**TASK DESCRIPTION:**
Search through the entries for the word "finite" and copy every line that has it.

(Collected data)
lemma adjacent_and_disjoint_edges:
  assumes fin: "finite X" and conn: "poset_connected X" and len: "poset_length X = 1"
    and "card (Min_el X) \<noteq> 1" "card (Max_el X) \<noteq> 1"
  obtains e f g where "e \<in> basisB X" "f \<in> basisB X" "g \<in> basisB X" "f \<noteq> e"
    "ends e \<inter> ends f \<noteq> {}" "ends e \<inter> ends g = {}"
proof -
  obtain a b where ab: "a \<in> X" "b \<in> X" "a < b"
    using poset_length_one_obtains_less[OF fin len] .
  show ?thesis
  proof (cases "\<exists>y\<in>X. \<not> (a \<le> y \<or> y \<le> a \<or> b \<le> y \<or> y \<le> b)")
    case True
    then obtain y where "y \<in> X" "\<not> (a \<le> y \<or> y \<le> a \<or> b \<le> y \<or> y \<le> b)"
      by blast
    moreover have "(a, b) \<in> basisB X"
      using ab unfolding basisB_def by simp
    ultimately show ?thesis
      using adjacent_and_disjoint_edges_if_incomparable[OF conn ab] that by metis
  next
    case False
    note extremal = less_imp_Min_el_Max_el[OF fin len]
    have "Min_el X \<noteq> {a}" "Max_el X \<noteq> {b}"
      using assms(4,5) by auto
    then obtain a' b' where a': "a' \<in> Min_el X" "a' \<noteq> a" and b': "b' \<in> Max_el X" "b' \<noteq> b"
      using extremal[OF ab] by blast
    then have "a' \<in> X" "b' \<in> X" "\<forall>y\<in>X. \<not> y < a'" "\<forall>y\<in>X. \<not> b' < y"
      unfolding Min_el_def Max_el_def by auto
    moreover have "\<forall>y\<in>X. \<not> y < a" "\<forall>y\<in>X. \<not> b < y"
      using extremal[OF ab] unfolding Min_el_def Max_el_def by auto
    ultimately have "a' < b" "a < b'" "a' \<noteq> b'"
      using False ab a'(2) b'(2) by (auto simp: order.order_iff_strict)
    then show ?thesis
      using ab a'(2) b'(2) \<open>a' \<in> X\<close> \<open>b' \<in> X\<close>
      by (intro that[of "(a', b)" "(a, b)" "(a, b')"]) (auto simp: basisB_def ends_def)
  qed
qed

...

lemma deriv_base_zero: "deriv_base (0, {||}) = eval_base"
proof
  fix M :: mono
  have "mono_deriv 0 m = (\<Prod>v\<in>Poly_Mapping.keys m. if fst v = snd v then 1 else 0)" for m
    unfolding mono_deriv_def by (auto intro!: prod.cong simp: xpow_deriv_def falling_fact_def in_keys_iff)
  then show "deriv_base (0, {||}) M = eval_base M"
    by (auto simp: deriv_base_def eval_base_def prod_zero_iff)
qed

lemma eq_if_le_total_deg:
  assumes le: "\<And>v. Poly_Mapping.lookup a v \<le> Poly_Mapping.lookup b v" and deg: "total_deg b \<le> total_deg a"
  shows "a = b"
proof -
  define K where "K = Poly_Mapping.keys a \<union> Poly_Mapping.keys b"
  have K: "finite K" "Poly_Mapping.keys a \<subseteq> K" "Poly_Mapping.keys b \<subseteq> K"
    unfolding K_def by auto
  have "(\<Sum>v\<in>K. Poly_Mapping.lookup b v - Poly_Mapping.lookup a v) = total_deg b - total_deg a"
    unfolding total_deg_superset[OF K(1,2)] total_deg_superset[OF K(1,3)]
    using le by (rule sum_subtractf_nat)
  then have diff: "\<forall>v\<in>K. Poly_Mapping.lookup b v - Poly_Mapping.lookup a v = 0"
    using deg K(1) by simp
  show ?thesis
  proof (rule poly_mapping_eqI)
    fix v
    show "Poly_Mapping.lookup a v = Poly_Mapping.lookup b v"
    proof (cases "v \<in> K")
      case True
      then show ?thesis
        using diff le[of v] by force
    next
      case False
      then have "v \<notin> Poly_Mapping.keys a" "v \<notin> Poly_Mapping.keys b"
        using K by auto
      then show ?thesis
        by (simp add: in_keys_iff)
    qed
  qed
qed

**THE ANSWER:**
  assumes fin: "finite X" and conn: "poset_connected X" and len: "poset_length X = 1"
  have K: "finite K" "Poly_Mapping.keys a \<subseteq> K" "Poly_Mapping.keys b \<subseteq> K"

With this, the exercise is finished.